■ **PROBLEM DESCRIPTION**
Set down exactly the lines of the records from the top to the line containing "(* In the outer-domain"; include both.

Segment Start: EXTRACTED MATERIAL

(* Let $1\le k\le n$ and $\lambda_0,\dots,\lambda_n\in\mathbb R$. The set of real solutions $(a_0,\dots,a_n)$ of the linear system $$\sum_{i=0}^n a_{i}\frac{\binom{k}{s}\binom{n-k}{i-s}}{\binom{n}{i}}=\sum_{i=0}^n\lambda_i\frac{\binom{k}{s}\binom{n-k}{i-s}}{\binom{n}{i}},\qquad 0\le s\le k,$$ is exactly the set of vectors of the form $$a_r=\sum_{i=k+1}^n(-1)^{k-r+1}\binom{i}{k}\binom{k}{r}\frac{i-k}{i-r}\,s_i+\lambda_r\quad(0\le r\le k),\qquad a_r=s_r+\lambda_r\quad(k+1\le r\le n),$$ with $s_{k+1},\dots,s_n\in\mathbb R$ arbitrary.
   Context: Convention: $\binom{m}{i}=0$ if $i<0$ or $i>m$. *)

theory Defs
  imports Complex_Main
begin

definition binom_int :: "nat \<Rightarrow> int \<Rightarrow> nat" where
  "binom_int m i = (if i < 0 then 0 else m choose (nat i))"

end

theory Submission
  imports Defs "HOL-Computational_Algebra.Polynomial"
begin
(* In the outer-domain setup, let $T>0$ and let $w\in C^{2,1}_{x,t}(U_T)\cap C(\overline{U_T})$ be bounded on $\overline{U_T}$ and satisfy $w(x,0)\le0$ in $U$ and $\mathcal Lw\le0$ in $U_T$. Then $\limsup_{r\to\infty}\sup_{\mathcal S_r\times[0,T]}w\le0$.
   Context: Setup. Fix $n\ge2$. For $i=1,2$: $g_i(s)=a^{(i)}_0+\sum_{j=1}^{N_i}a^{(i)}_js^{\alpha^{(i)}_j}$ ($s\ge0$), $a^{(i)}_0>0$, $a^{(i)}_j\ge0$, real $0<\alpha^{(i)}_1<\dots$; $G_i(u)=g_i(|u|)u$ ($u\in\mathbb R$). $f_1,f_2\in C([0,1])\cap C^1((0,1))$, $f_1(0)=0=f_2(1)$, $f_1'>0>f_2'$ on $(0,1)$; $p_c'\in C^1((0,1))$, $p_c'>0$; $F_i=1/(p_c'f_i)$. Fix $r_0>0$, $c_1,c_2$ with $c_1^2+c_2^2>0$, $s_0\in(0,1)$, and let $\hat S$ be a $C^1$ solution on $[r_0,\infty)$ of $\hat S'=G_2(c_2r^{1-n})F_2(\hat S)-G_1(c_1r^{1-n})F_1(\hat S)$, $\hat S(r_0)=s_0$, with $0<\underline s\le\hat S(r)\le\bar s<1$ for all $r\ge r_0$. For $|x|\ge r_0$: $S_*(x)=\hat S(|x|)$, $u_i^*(x)=c_i|x|^{-n}x$. For $u\in\mathbb R^n$: $\mathbf G_i(u)=g_i(|u|)u$, Jacobian $\mathbf G_i'(u)=g_i(|u|)I_n+g_i'(|u|)uu^T/|u|$ ($=g_i(0)I_n$ at $u=0$). $B=F_1(S_* )\mathbf G_1'(u_1^* )+F_2(S_* )\mathbf G_2'(u_2^* )$, $A=B^{-1}$, $b=F_2'(S_* )\mathbf G_2(u_2^* )-F_1'(S_* )\mathbf G_1(u_1^* )$. $\mathcal Lw=\partial_tw-\nabla\cdot(A\nabla w)-b\cdot(A\nabla w)$. Outer domain: $U=\mathbb R^n\setminus\overline{B_{r_0}}$, $U_T=U\times(0,T]$, $\overline{U_T}=\overline U\times[0,T]$, $\mathcal S_r=\{|x|=r\}$. $C^{2,1}_{x,t}$: continuous with continuous $x$-derivatives up to order 2 and $t$-derivative of order 1. *)

theory Defs
  imports "HOL-Analysis.Analysis"
begin

definition gfun :: "nat \<Rightarrow> (nat \<Rightarrow> real) \<Rightarrow> (nat \<Rightarrow> real) \<Rightarrow> real \<Rightarrow> real" where
  "gfun N a \<alpha> s = a 0 + (\<Sum>j=1..N. a j * s powr \<alpha> j)"

definition g_admissible :: "nat \<Rightarrow> (nat \<Rightarrow> real) \<Rightarrow> (nat \<Rightarrow> real) \<Rightarrow> bool" where
  "g_admissible N a \<alpha> \<longleftrightarrow> a 0 > 0 \<and> (\<forall>j\<in>{1..N}. a j \<ge> 0) \<and>
     (\<forall>j\<in>{1..N}. 0 < \<alpha> j) \<and> (\<forall>j. 1 \<le> j \<longrightarrow> j < N \<longrightarrow> \<alpha> j < \<alpha> (Suc j))"

definition Gsc :: "(real \<Rightarrow> real) \<Rightarrow> real \<Rightarrow> real" where
  "Gsc g u = g \<bar>u\<bar> * u"

definition Gvec :: "(real \<Rightarrow> real) \<Rightarrow> real^'n \<Rightarrow> real^'n" where
  "Gvec g u = g (norm u) *\<^sub>R u"

definition GJac :: "(real \<Rightarrow> real) \<Rightarrow> real^'n \<Rightarrow> real^'n^'n" where
  "GJac g u = (if u = 0 then g 0 *\<^sub>R mat 1
      else g (norm u) *\<^sub>R mat 1 + (deriv g (norm u) / norm u) *\<^sub>R (\<chi> i j. u $ i * u $ j))"

definition Ffun :: "(real \<Rightarrow> real) \<Rightarrow> (real \<Rightarrow> real) \<Rightarrow> real \<Rightarrow> real" where
  "Ffun pcd f s = 1 / (pcd s * f s)"

definition ustar :: "real \<Rightarrow> real^'n \<Rightarrow> real^'n" where
  "ustar c x = (c * norm x powr (- real CARD('n))) *\<^sub>R x"

definition Bmat :: "(real \<Rightarrow> real) \<Rightarrow> (real \<Rightarrow> real) \<Rightarrow> (real \<Rightarrow> real) \<Rightarrow> (real \<Rightarrow> real)
   \<Rightarrow> real \<Rightarrow> real \<Rightarrow> (real \<Rightarrow> real) \<Rightarrow> real^'n \<Rightarrow> real^'n^'n" where
  "Bmat F1 F2 g1 g2 c1 c2 Shat x =
     F1 (Shat (norm x)) *\<^sub>R GJac g1 (ustar c1 x) + F2 (Shat (norm x)) *\<^sub>R GJac g2 (ustar c2 x)"

definition Amat :: "(real \<Rightarrow> real) \<Rightarrow> (real \<Rightarrow> real) \<Rightarrow> (real \<Rightarrow> real) \<Rightarrow> (real \<Rightarrow> real)
   \<Rightarrow> real \<Rightarrow> real \<Rightarrow> (real \<Rightarrow> real) \<Rightarrow> real^'n \<Rightarrow> real^'n^'n" where
  "Amat F1 F2 g1 g2 c1 c2 Shat x = matrix_inv (Bmat F1 F2 g1 g2 c1 c2 Shat x)"

definition bvec :: "(real \<Rightarrow> real) \<Rightarrow> (real \<Rightarrow> real) \<Rightarrow> (real \<Rightarrow> real) \<Rightarrow> (real \<Rightarrow> real)
   \<Rightarrow> real \<Rightarrow> real \<Rightarrow> (real \<Rightarrow> real) \<Rightarrow> real^'n \<Rightarrow> real^'n" where
  "bvec F1 F2 g1 g2 c1 c2 Shat x =
     deriv F2 (Shat (norm x)) *\<^sub>R Gvec g2 (ustar c2 x) - deriv F1 (Shat (norm x)) *\<^sub>R Gvec g1 (ustar c1 x)"

definition pdx :: "'n \<Rightarrow> (real^'n \<Rightarrow> real) \<Rightarrow> real^'n \<Rightarrow> real" where
  "pdx i h x = deriv (\<lambda>s. h (x + s *\<^sub>R axis i 1)) 0"

definition divg :: "(real^'n \<Rightarrow> real^'n) \<Rightarrow> real^'n \<Rightarrow> real" where
  "divg V x = (\<Sum>i\<in>UNIV. pdx i (\<lambda>y. V y $ i) x)"

definition Lop :: "(real^'n \<Rightarrow> real^'n^'n) \<Rightarrow> (real^'n \<Rightarrow> real^'n)
   \<Rightarrow> (real^'n \<Rightarrow> real \<Rightarrow> real) \<Rightarrow> (real^'n \<Rightarrow> real \<Rightarrow> real^'n) \<Rightarrow> real^'n \<Rightarrow> real \<Rightarrow> real" where
  "Lop A b wt Dw x t = wt x t - divg (\<lambda>y. A y *v Dw y t) x - b x \<bullet> (A x *v Dw x t)"

end

theory Submission
  imports Defs "HOL-Real_Asymp.Real_Asymp"
begin

text \<open>A Phragmen--Lindelof argument. Let \<open>m(|x|)\<close> be the eigenvalue of \<open>B(x)\<close> in the direction
  of \<open>x\<close>; it lies between positive constants, so \<open>\<Lambda>(r) = \<integral> m\<close> over \<open>[r0, r]\<close> grows linearly.
  The barrier \<open>\<Psi>\<^sub>R(x, t) = M exp (K t - \<Lambda>(|x|)) + M (\<Lambda>(|x|) + C t) / \<Lambda>(R)\<close> dominates \<open>w\<close> on both
  spheres of the annulus \<open>r0 \<le> |x| \<le> R\<close> and at \<open>t = 0\<close>. At an interior maximum of \<open>w - \<Psi>\<^sub>R\<close> one
  finds \<open>L w > 0\<close>: \<open>A\<close> maps \<open>\<nabla>\<Psi>\<^sub>R\<close> to a radial field with explicit divergence, and the rest of
  \<open>div (A \<nabla>w)\<close> is the trace of \<open>A\<close> against a negative semidefinite Hessian. Hence \<open>w \<le> \<Psi>\<^sub>R\<close>, and
  letting \<open>R \<rightarrow> \<infinity>\<close> gives \<open>w(x, t) \<le> M exp (K T - m_lo (|x| - r0))\<close>, which tends to \<open>0\<close>.\<close>

section \<open>Linear algebra\<close>

lemma trace_orthogonal_conj:
  fixes Q H :: "real^'n^'n"
  assumes "orthogonal_matrix Q"
  shows "(\<Sum>i\<in>UNIV. (Q *v axis i 1) \<bullet> (H *v (Q *v axis i 1))) = trace H"
proof -
  have QQ: "Q ** transpose Q = mat 1" using assms unfolding orthogonal_matrix_def by simp
  have col: "Q *v axis i 1 = (\<chi> j. Q$j$i)" for i
    by (simp add: vec_eq_iff matrix_vector_mult_def axis_def if_distrib cong: if_cong)
  have "(\<Sum>i\<in>UNIV. (Q *v axis i 1) \<bullet> (H *v (Q *v axis i 1)))
      = (\<Sum>i\<in>UNIV. \<Sum>j\<in>UNIV. \<Sum>l\<in>UNIV. Q$j$i * (H$j$l * Q$l$i))"
    unfolding col by (simp add: inner_vec_def matrix_vector_mult_def sum_distrib_left)
  also have "\<dots> = (\<Sum>j\<in>UNIV. \<Sum>l\<in>UNIV. \<Sum>i\<in>UNIV. Q$j$i * (H$j$l * Q$l$i))"
    by (subst sum.swap) (rule sum.cong[OF refl], rule sum.swap)
  also have "\<dots> = (\<Sum>j\<in>UNIV. \<Sum>l\<in>UNIV. H$j$l * (Q ** transpose Q)$j$l)"
    by (simp add: matrix_matrix_mult_def transpose_def sum_distrib_left mult_ac)
  also have "\<dots> = trace H"
    by (simp add: QQ trace_def mat_def if_distrib cong: if_cong)
  finally show ?thesis .
qed

lemma trace_le_quadratic_form:
  fixes H :: "real^'n^'n"
  assumes "norm y = 1" and nsd: "\<And>h. h \<bullet> (H *v h) \<le> 0"
  shows "trace H \<le> y \<bullet> (H *v y)"
proof -
  obtain k :: 'n where True by simp
  obtain Q where Q: "orthogonal_matrix Q" "Q *v axis k 1 = y"
    using orthogonal_matrix_exists_basis[OF assms(1)] by metis
  have "trace H = (\<Sum>i\<in>UNIV. (Q *v axis i 1) \<bullet> (H *v (Q *v axis i 1)))"
    using trace_orthogonal_conj[OF Q(1)] by simp
  also have "\<dots> = y \<bullet> (H *v y) + (\<Sum>i\<in>UNIV-{k}. (Q *v axis i 1) \<bullet> (H *v (Q *v axis i 1)))"
    using Q(2) by (simp add: sum.remove[of _ k])
  also have "\<dots> \<le> y \<bullet> (H *v y)"
    by (simp add: sum_nonpos nsd)
  finally show ?thesis .
qed

text \<open>For \<open>y = 0\<close> the division by zero makes this the zero matrix.\<close>
definition proj_matrix :: "real^'n \<Rightarrow> real^'n^'n" where
  "proj_matrix y = (\<chi> i j. y$i * y$j / (norm y)\<^sup>2)"

lemma norm_square_eq_sum: "(norm (y::real^'n))\<^sup>2 = (\<Sum>k\<in>UNIV. y$k * y$k)"
  by (simp add: power2_norm_eq_inner inner_vec_def)

lemma proj_matrix_idem:
  fixes y :: "real^'n"
  assumes "y \<noteq> 0"
  shows "proj_matrix y ** proj_matrix y = proj_matrix y"
proof -
  have "(\<Sum>k\<in>UNIV. y$i * y$k / (norm y)\<^sup>2 * (y$k * y$j / (norm y)\<^sup>2))
      = (y$i * y$j / ((norm y)\<^sup>2 * (norm y)\<^sup>2)) * (\<Sum>k\<in>UNIV. y$k * y$k)" for i j
    by (simp add: sum_distrib_left sum_divide_distrib field_simps mult_ac)
  also have "\<dots> i j = y$i * y$j / (norm y)\<^sup>2" for i j
    using assms by (simp add: field_simps power2_eq_square flip: norm_square_eq_sum)
  finally show ?thesis by (simp add: proj_matrix_def matrix_matrix_mult_def vec_eq_iff)
qed

lemma proj_matrix_mult_self:
  fixes y :: "real^'n"
  assumes "y \<noteq> 0"
  shows "proj_matrix y *v y = y"
proof -
  have "(\<Sum>k\<in>UNIV. y$i * y$k / (norm y)\<^sup>2 * y$k) = (y$i / (norm y)\<^sup>2) * (\<Sum>k\<in>UNIV. y$k * y$k)" for i
    by (simp add: sum_distrib_left sum_divide_distrib field_simps mult_ac)
  also have "\<dots> i = y$i" for i
    using assms by (simp flip: norm_square_eq_sum)
  finally show ?thesis by (simp add: proj_matrix_def matrix_vector_mult_def vec_eq_iff)
qed

lemma continuous_on_proj_matrix: "continuous_on (-{0}) (proj_matrix :: real^'n \<Rightarrow> real^'n^'n)"
  unfolding proj_matrix_def by (intro continuous_intros) auto

lemma trace_proj_matrix_mult:
  fixes y :: "real^'n" and H :: "real^'n^'n"
  shows "trace (proj_matrix y ** H) = (y /\<^sub>R norm y) \<bullet> (H *v (y /\<^sub>R norm y))"
proof -
  have "trace (proj_matrix y ** H) = (\<Sum>i\<in>UNIV. \<Sum>j\<in>UNIV. y$i * y$j / (norm y)\<^sup>2 * H$j$i)"
    by (simp add: trace_def proj_matrix_def matrix_matrix_mult_def)
  also have "\<dots> = (\<Sum>j\<in>UNIV. \<Sum>i\<in>UNIV. y$j * y$i / (norm y)\<^sup>2 * H$j$i)"
    by (subst sum.swap) (simp add: mult_ac)
  also have "\<dots> = (y /\<^sub>R norm y) \<bullet> (H *v (y /\<^sub>R norm y))"
    by (simp add: inner_vec_def matrix_vector_mult_def sum_distrib_left power2_eq_square
        field_simps mult_ac)
  finally show ?thesis .
qed

lemma matrix_add_rdistrib:
  fixes A B C :: "real^'n^'n"
  shows "(A + B) ** C = A ** C + B ** C"
  by (simp add: matrix_matrix_mult_def vec_eq_iff sum.distrib distrib_right)

lemma trace_scaleR: "trace (k *\<^sub>R (A :: real^'n^'n)) = k * trace A"
  by (simp add: trace_def sum_distrib_left)

text \<open>Since \<open>a I + \<kappa> P\<close> has eigenvalues \<open>a\<close> and \<open>a + \<kappa>\<close>, the trace of its product with a negative
  semidefinite \<open>H\<close> is a nonnegative combination of \<open>trace H\<close> and a diagonal entry of \<open>H\<close>.\<close>
lemma trace_id_plus_proj_mult_nonpos:
  fixes H :: "real^'n^'n" and y :: "real^'n"
  assumes "y \<noteq> 0" and "0 \<le> a" and "0 \<le> a + \<kappa>" and nsd: "\<And>h. h \<bullet> (H *v h) \<le> 0"
  shows "trace ((a *\<^sub>R mat 1 + \<kappa> *\<^sub>R proj_matrix y) ** H) \<le> 0"
proof -
  define q where "q = (y /\<^sub>R norm y) \<bullet> (H *v (y /\<^sub>R norm y))"
  have "trace H \<le> q"
    unfolding q_def by (rule trace_le_quadratic_form) (use assms in \<open>simp_all add: nsd\<close>)
  have "trace ((a *\<^sub>R mat 1 + \<kappa> *\<^sub>R proj_matrix y) ** H) = a * trace H + \<kappa> * q"
    by (simp add: matrix_add_rdistrib trace_add trace_scaleR trace_proj_matrix_mult q_def
        flip: scalar_matrix_assoc)
  also have "\<dots> \<le> (a + \<kappa>) * q"
    using \<open>trace H \<le> q\<close> \<open>0 \<le> a\<close> by (simp add: distrib_right mult_left_mono)
  also have "\<dots> \<le> 0"
    using assms(3) nsd[of "y /\<^sub>R norm y"] by (simp add: q_def mult_nonneg_nonpos)
  finally show ?thesis .
qed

Segment End: EXTRACTED MATERIAL

■ **EXERCISE RESPONSE**
(* Let $1\le k\le n$ and $\lambda_0,\dots,\lambda_n\in\mathbb R$. The set of real solutions $(a_0,\dots,a_n)$ of the linear system $$\sum_{i=0}^n a_{i}\frac{\binom{k}{s}\binom{n-k}{i-s}}{\binom{n}{i}}=\sum_{i=0}^n\lambda_i\frac{\binom{k}{s}\binom{n-k}{i-s}}{\binom{n}{i}},\qquad 0\le s\le k,$$ is exactly the set of vectors of the form $$a_r=\sum_{i=k+1}^n(-1)^{k-r+1}\binom{i}{k}\binom{k}{r}\frac{i-k}{i-r}\,s_i+\lambda_r\quad(0\le r\le k),\qquad a_r=s_r+\lambda_r\quad(k+1\le r\le n),$$ with $s_{k+1},\dots,s_n\in\mathbb R$ arbitrary.
   Context: Convention: $\binom{m}{i}=0$ if $i<0$ or $i>m$. *)

theory Defs
  imports Complex_Main
begin

definition binom_int :: "nat \<Rightarrow> int \<Rightarrow> nat" where
  "binom_int m i = (if i < 0 then 0 else m choose (nat i))"

end

theory Submission
  imports Defs "HOL-Computational_Algebra.Polynomial"
begin
(* In the outer-domain setup, let $T>0$ and let $w\in C^{2,1}_{x,t}(U_T)\cap C(\overline{U_T})$ be bounded on $\overline{U_T}$ and satisfy $w(x,0)\le0$ in $U$ and $\mathcal Lw\le0$ in $U_T$. Then $\limsup_{r\to\infty}\sup_{\mathcal S_r\times[0,T]}w\le0$.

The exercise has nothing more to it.